- [EXERCISE OBJECTIVE] Copy all entries exactly.

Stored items
****************

lemma orthogonal_images_of_Basis_eq_0:
  fixes L :: "'a::euclidean_space \<Rightarrow> 'b::real_inner"
  assumes "linear L" and "z \<in> range L" and "\<And>b. b \<in> Basis \<Longrightarrow> L b \<bullet> z = 0"
  shows "z = 0"
proof -
  obtain w where "z = L w"
    using assms(2) by blast
  then have "z \<bullet> z = (\<Sum>b\<in>Basis. (w \<bullet> b) * (L b \<bullet> z))"
    using linear_eq_sum_Basis[OF assms(1), of w] by (simp add: inner_sum_left)
  also have "\<dots> = 0"
    using assms(3) by simp
  finally show ?thesis
    by simp
qed

lemma C2_diffeo_inverse_derivative_sum_squares_pos:
  fixes S :: "(real^'n) set"
  assumes diffeo: "C2_diffeo_with_inverse (closure S) f g" and "open S" and y: "y \<in> closure S"
    and "z \<noteq> 0"
  shows "(\<Sum>i\<in>UNIV. (pderiv_dir g (axis i 1) (f y) \<bullet> z)\<^sup>2) > 0"
proof (rule ccontr)
  obtain U where U: "closure S \<subseteq> U" "C1_on U f"
    using diffeo unfolding C2_diffeo_with_inverse_def C2_on_set_def C2_on_def by blast
  obtain V where V: "f ` closure S \<subseteq> V" "C1_on V g"
    using diffeo unfolding C2_diffeo_with_inverse_def C2_on_set_def C2_on_def by blast
  have left_inverse: "\<And>x. x \<in> closure S \<Longrightarrow> g (f x) = x"
    using diffeo unfolding C2_diffeo_with_inverse_def by blast
  have "g differentiable (at (f y))"
    using V y unfolding C1_on_def by blast
  then have "linear (frechet_derivative g (at (f y)))"
    unfolding frechet_derivative_works by (rule has_derivative_linear)
  moreover have "frechet_derivative g (at (f y)) (frechet_derivative f (at y) z) = z"
    by (rule frechet_derivative_left_inverse_on_closure[OF \<open>open S\<close> U V left_inverse y])
  then have "z \<in> range (frechet_derivative g (at (f y)))"
    by (metis rangeI)
  moreover assume "\<not> (\<Sum>i\<in>UNIV. (pderiv_dir g (axis i 1) (f y) \<bullet> z)\<^sup>2) > 0"
  then have "(\<Sum>i\<in>UNIV. (pderiv_dir g (axis i 1) (f y) \<bullet> z)\<^sup>2) = 0"
    by (simp add: antisym sum_nonneg)
  then have "frechet_derivative g (at (f y)) b \<bullet> z = 0" if "b \<in> Basis" for b
    using that by (auto simp: sum_nonneg_eq_0_iff Basis_vec_def pderiv_dir_def)
  ultimately show False
    using orthogonal_images_of_Basis_eq_0 \<open>z \<noteq> 0\<close> by blast
qed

****************

- [SOLUTION TO THIS PROBLEM]
lemma orthogonal_images_of_Basis_eq_0:
  fixes L :: "'a::euclidean_space \<Rightarrow> 'b::real_inner"
  assumes "linear L" and "z \<in> range L" and "\<And>b. b \<in> Basis \<Longrightarrow> L b \<bullet> z = 0"
  shows "z = 0"
proof -
  obtain w where "z = L w"
    using assms(2) by blast
  then have "z \<bullet> z = (\<Sum>b\<in>Basis. (w \<bullet> b) * (L b \<bullet> z))"
    using linear_eq_sum_Basis[OF assms(1), of w] by (simp add: inner_sum_left)
  also have "\<dots> = 0"
    using assms(3) by simp
  finally show ?thesis
    by simp
qed

lemma C2_diffeo_inverse_derivative_sum_squares_pos:
  fixes S :: "(real^'n) set"
  assumes diffeo: "C2_diffeo_with_inverse (closure S) f g" and "open S" and y: "y \<in> closure S"
    and "z \<noteq> 0"
  shows "(\<Sum>i\<in>UNIV. (pderiv_dir g (axis i 1) (f y) \<bullet> z)\<^sup>2) > 0"
proof (rule ccontr)
  obtain U where U: "closure S \<subseteq> U" "C1_on U f"
    using diffeo unfolding C2_diffeo_with_inverse_def C2_on_set_def C2_on_def by blast
  obtain V where V: "f ` closure S \<subseteq> V" "C1_on V g"
    using diffeo unfolding C2_diffeo_with_inverse_def C2_on_set_def C2_on_def by blast
  have left_inverse: "\<And>x. x \<in> closure S \<Longrightarrow> g (f x) = x"
    using diffeo unfolding C2_diffeo_with_inverse_def by blast
  have "g differentiable (at (f y))"
    using V y unfolding C1_on_def by blast
  then have "linear (frechet_derivative g (at (f y)))"
    unfolding frechet_derivative_works by (rule has_derivative_linear)
  moreover have "frechet_derivative g (at (f y)) (frechet_derivative f (at y) z) = z"
    by (rule frechet_derivative_left_inverse_on_closure[OF \<open>open S\<close> U V left_inverse y])
  then have "z \<in> range (frechet_derivative g (at (f y)))"
    by (metis rangeI)
  moreover assume "\<not> (\<Sum>i\<in>UNIV. (pderiv_dir g (axis i 1) (f y) \<bullet> z)\<^sup>2) > 0"
  then have "(\<Sum>i\<in>UNIV. (pderiv_dir g (axis i 1) (f y) \<bullet> z)\<^sup>2) = 0"
    by (simp add: antisym sum_nonneg)
  then have "frechet_derivative g (at (f y)) b \<bullet> z = 0" if "b \<in> Basis" for b
    using that by (auto simp: sum_nonneg_eq_0_iff Basis_vec_def pderiv_dir_def)
  ultimately show False
    using orthogonal_images_of_Basis_eq_0 \<open>z \<noteq> 0\<close> by blast
qed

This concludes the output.